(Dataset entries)
lemma env_norm_restrict_le:
  assumes qs: "quasi_normed_symmetric_space M E N" and k: "k \<in> E"
    and P: "{x \<in> space M. P x} \<in> sets M"
  shows "env_norm E N (\<lambda>x. if P x then k x else 0) \<le> env_norm E N k"
  unfolding env_norm_eq_Inf_decomposition_costs[of E N k]
proof (rule cInf_greatest)
  show "decomposition_costs E N k \<noteq> {}"
    using self_in_decomposition_costs[OF k] by blast
next
  fix s assume "s \<in> decomposition_costs E N k"
  then obtain n :: nat and fs where fs: "\<forall>i<n. fs i \<in> E" "k = (\<lambda>x. \<Sum>i<n. fs i x)"
      "s = (\<Sum>i<n. N (fs i))"
    by (rule decomposition_costsE)
  define gs where "gs i = (\<lambda>x. if P x then fs i x else 0)" for i
  have gs: "gs i \<in> E \<and> N (gs i) \<le> N (fs i)" if "i < n" for i
    unfolding gs_def using fs that by (intro quasi_normed_symmetric_space_restrict[OF qs _ P]) auto
  have "(\<Sum>i<n. N (gs i)) \<in> decomposition_costs E N (\<lambda>x. if P x then k x else 0)"
    unfolding decomposition_costs_def
    by (intro CollectI exI[of _ n] exI[of _ gs]) (use fs gs in \<open>auto simp: gs_def\<close>)
  then have "env_norm E N (\<lambda>x. if P x then k x else 0) \<le> (\<Sum>i<n. N (gs i))"
    by (rule env_norm_le_cost[OF qs])
  also have "\<dots> \<le> s"
    using fs gs by (auto intro!: sum_mono)
  finally show "env_norm E N (\<lambda>x. if P x then k x else 0) \<le> s" .
qed

subsection \<open>Consequences of order continuity\<close>

lemma order_continuous_restrict_tendsto_zero:
  assumes qs: "quasi_normed_symmetric_space M E N" and oc: "order_continuous M E N"
    and h: "h \<in> E" and P: "\<And>k. {x \<in> space M. P k x} \<in> sets M"
    and P_mono: "\<And>k x. P (Suc k) x \<Longrightarrow> P k x"
    and P_vanish: "AE x in M. h x \<noteq> 0 \<longrightarrow> (\<forall>\<^sub>F k in sequentially. \<not> P k x)"
  shows "(\<lambda>k. N (\<lambda>x. if P k x then h x else 0)) \<longlonglongrightarrow> 0"
proof -
  have [measurable]: "h \<in> borel_measurable M"
    using quasi_normed_symmetric_space_measurable[OF qs h] .
  define fs where "fs k x = (if P k x then cmod (h x) else 0)" for k x
  have fs_meas[measurable]: "fs k \<in> borel_measurable M" for k
    unfolding fs_def by (rule measurable_If[OF _ _ P]) auto
  have fs_dec: "decseq (\<lambda>k. fs k x)" for x
    by (rule decseq_SucI) (auto simp: fs_def dest: P_mono)
  have fs_lim: "(\<lambda>k. N (\<lambda>x. complex_of_real (fs k x))) \<longlonglongrightarrow> 0"
  proof (rule oc[unfolded order_continuous_def, rule_format, OF h fs_meas])
    show "AE x in M. 0 \<le> fs k x \<and> fs k x \<le> cmod (h x)" for k
      by (simp add: fs_def)
    show "AE x in M. decseq (\<lambda>k. fs k x) \<and> (\<lambda>k. fs k x) \<longlonglongrightarrow> 0"
      using P_vanish
    proof eventually_elim
      case (elim x)
      have "\<forall>\<^sub>F k in sequentially. fs k x = 0"
        using elim by (cases "h x = 0") (auto simp: fs_def elim: eventually_mono)
      then have "(\<lambda>k. fs k x) \<longlonglongrightarrow> 0"
        by (rule tendsto_eventually)
      with fs_dec show ?case
        by blast
    qed
  qed
  have bounds: "0 \<le> N (\<lambda>x. if P k x then h x else 0)
      \<and> N (\<lambda>x. if P k x then h x else 0) \<le> N (\<lambda>x. complex_of_real (fs k x))" for k
  proof -
    have fs_E: "(\<lambda>x. complex_of_real (fs k x)) \<in> E"
      by (rule conjunct1[OF quasi_normed_symmetric_space_dominated[OF qs _ h]])
        (measurable, simp add: fs_def)
    have "(\<lambda>x. if P k x then h x else 0) \<in> E
        \<and> N (\<lambda>x. if P k x then h x else 0) \<le> N (\<lambda>x. complex_of_real (fs k x))"
      by (intro quasi_normed_symmetric_space_dominated[OF qs measurable_If[OF _ _ P] fs_E])
        (auto simp: fs_def)
    then show ?thesis
      using quasi_normed_symmetric_space_nonneg[OF qs] by blast
  qed
  show ?thesis
    by (rule tendsto_sandwich[OF always_eventually always_eventually tendsto_const fs_lim])
      (use bounds in blast)+
qed
lemma total_rec_times: "total_rec 2 (\<lambda>xs. xs!0 * xs!1)"
  by (rule total_rec_prim_rec2[where b="\<lambda>x. 0" and s="\<lambda>n r x. r + x" and R="\<lambda>n x. n * x"],
      rule total_rec.zero, (rule total_rec_add; rule total_rec.proj)) simp_all

lemma total_rec_mult: "total_rec n A \<Longrightarrow> total_rec n B \<Longrightarrow> total_rec n (\<lambda>xs. A xs * B xs)"
  using total_rec_comp2[OF total_rec_times] by simp

lemma total_rec_triangle1: "total_rec 1 (\<lambda>xs. triangle (hd xs))"
proof -
  have "total_rec 2 (\<lambda>xs. triangle (xs!0))"
    by (rule total_rec_prim_rec2[where b="\<lambda>x. 0" and s="\<lambda>n r x. r + Suc n" and R="\<lambda>n x. triangle n"],
        rule total_rec.zero, rule total_rec_add, rule total_rec.proj, simp, rule total_rec_Suc,
        rule total_rec.proj) simp_all
  from total_rec_comp2[OF this total_rec_hd total_rec.zero] show ?thesis
    by (rule total_rec_cong1) simp
qed

lemma total_rec_triangle: "total_rec n A \<Longrightarrow> total_rec n (\<lambda>xs. triangle (A xs))"
  using total_rec_comp1[OF total_rec_triangle1] by simp

lemma total_rec_prod_encode:
  "total_rec n A \<Longrightarrow> total_rec n B \<Longrightarrow> total_rec n (\<lambda>xs. prod_encode (A xs, B xs))"
  unfolding prod_encode_def prod.case by (intro total_rec_add total_rec_triangle)

definition unpair_fst :: "nat \<Rightarrow> nat" where "unpair_fst n = fst (prod_decode n)"

definition unpair_snd :: "nat \<Rightarrow> nat" where "unpair_snd n = snd (prod_decode n)"

lemma unpair_fst_prod_encode [simp]: "unpair_fst (prod_encode (a,b)) = a"
  by (simp add: unpair_fst_def)

lemma unpair_snd_prod_encode [simp]: "unpair_snd (prod_encode (a,b)) = b"
  by (simp add: unpair_snd_def)

lemma prod_encode_unpair [simp]: "prod_encode (unpair_fst n, unpair_snd n) = n"
  by (simp add: unpair_fst_def unpair_snd_def)

lemma triangle_mono: "y \<le> z \<Longrightarrow> triangle y \<le> triangle z"
  by (induction z) (auto simp: le_Suc_eq)

lemma prod_encode_mono: "a \<le> a' \<Longrightarrow> b \<le> b' \<Longrightarrow> prod_encode (a,b) \<le> prod_encode (a',b')"
  unfolding prod_encode_def using triangle_mono[of "a+b" "a'+b'"] by simp

text \<open>The diagonal on which \<open>n\<close> lies; inverting the pairing reduces to finding it by minimisation.\<close>
definition unpair_sum :: "nat \<Rightarrow> nat" where "unpair_sum n = (LEAST y. n < triangle (Suc y))"

lemma unpair_sum_eq: "unpair_sum n = unpair_fst n + unpair_snd n"
proof -
  obtain a b where ab: "prod_decode n = (a,b)" by fastforce
  have n: "n = triangle (a+b) + a"
    using prod_decode_inverse[of n] ab by (simp add: prod_encode_def)
  have "(LEAST y. n < triangle (Suc y)) = a + b"
  proof (rule Least_equality)
    show "n < triangle (Suc (a + b))" using n by simp
    fix y assume "n < triangle (Suc y)"
    then show "a + b \<le> y"
      using n triangle_mono[of "Suc y" "a + b"] by (cases "a + b \<le> y") auto
  qed
  then show ?thesis by (simp add: unpair_sum_def unpair_fst_def unpair_snd_def ab)
qed

lemma unpair_fst_eq: "unpair_fst n = n - triangle (unpair_sum n)"
proof -
  have "n = triangle (unpair_fst n + unpair_snd n) + unpair_fst n"
    using prod_encode_unpair[of n] unfolding prod_encode_def by simp
  then show ?thesis by (simp add: unpair_sum_eq)
qed

lemma total_rec_unpair_sum1: "total_rec 1 (\<lambda>xs. unpair_sum (hd xs))"
proof -
  let ?f = "\<lambda>xs. Suc (xs!1) - triangle (Suc (xs!0))"
  have f: "total_rec (Suc 1) ?f"
    using total_rec_diff[OF total_rec_Suc[OF total_rec.proj[of 1 2]]
        total_rec_triangle[OF total_rec_Suc[OF total_rec.proj[of 0 2]]]]
    by (simp add: numeral_2_eq_2)
  have "Suc x \<le> triangle (Suc x)" for x
    by (induction x) auto
  then have "\<forall>xs. length xs = 1 \<longrightarrow> (\<exists>y. ?f (y # xs) = 0)"
    by (metis diff_is_0_eq nth_Cons_0 nth_Cons_Suc One_nat_def)
  from total_rec.mu[OF f this] show ?thesis
    by (rule total_rec_cong1) (simp add: unpair_sum_def less_Suc_eq_le)
qed

lemma total_rec_unpair_sum: "total_rec n A \<Longrightarrow> total_rec n (\<lambda>xs. unpair_sum (A xs))"
  using total_rec_comp1[OF total_rec_unpair_sum1] by simp

lemma total_rec_unpair_fst: "total_rec n A \<Longrightarrow> total_rec n (\<lambda>xs. unpair_fst (A xs))"
  unfolding unpair_fst_eq by (intro total_rec_diff total_rec_triangle total_rec_unpair_sum)

lemma total_rec_unpair_snd: "total_rec n A \<Longrightarrow> total_rec n (\<lambda>xs. unpair_snd (A xs))"
proof -
  have "unpair_snd m = unpair_sum m - unpair_fst m" for m
    by (simp add: unpair_sum_eq)
  then show "total_rec n A \<Longrightarrow> ?thesis"
    by (simp add: total_rec_diff total_rec_unpair_fst total_rec_unpair_sum)
qed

Exercise prompt: Filter the entries down to the lines that include the string "where".

Expected output:
  then obtain n :: nat and fs where fs: "\<forall>i<n. fs i \<in> E" "k = (\<lambda>x. \<Sum>i<n. fs i x)"
  define gs where "gs i = (\<lambda>x. if P x then fs i x else 0)" for i
  define fs where "fs k x = (if P k x then cmod (h x) else 0)" for k x
  by (rule total_rec_prim_rec2[where b="\<lambda>x. 0" and s="\<lambda>n r x. r + x" and R="\<lambda>n x. n * x"],
    by (rule total_rec_prim_rec2[where b="\<lambda>x. 0" and s="\<lambda>n r x. r + Suc n" and R="\<lambda>n x. triangle n"],
definition unpair_fst :: "nat \<Rightarrow> nat" where "unpair_fst n = fst (prod_decode n)"
definition unpair_snd :: "nat \<Rightarrow> nat" where "unpair_snd n = snd (prod_decode n)"
definition unpair_sum :: "nat \<Rightarrow> nat" where "unpair_sum n = (LEAST y. n < triangle (Suc y))"
  obtain a b where ab: "prod_decode n = (a,b)" by fastforce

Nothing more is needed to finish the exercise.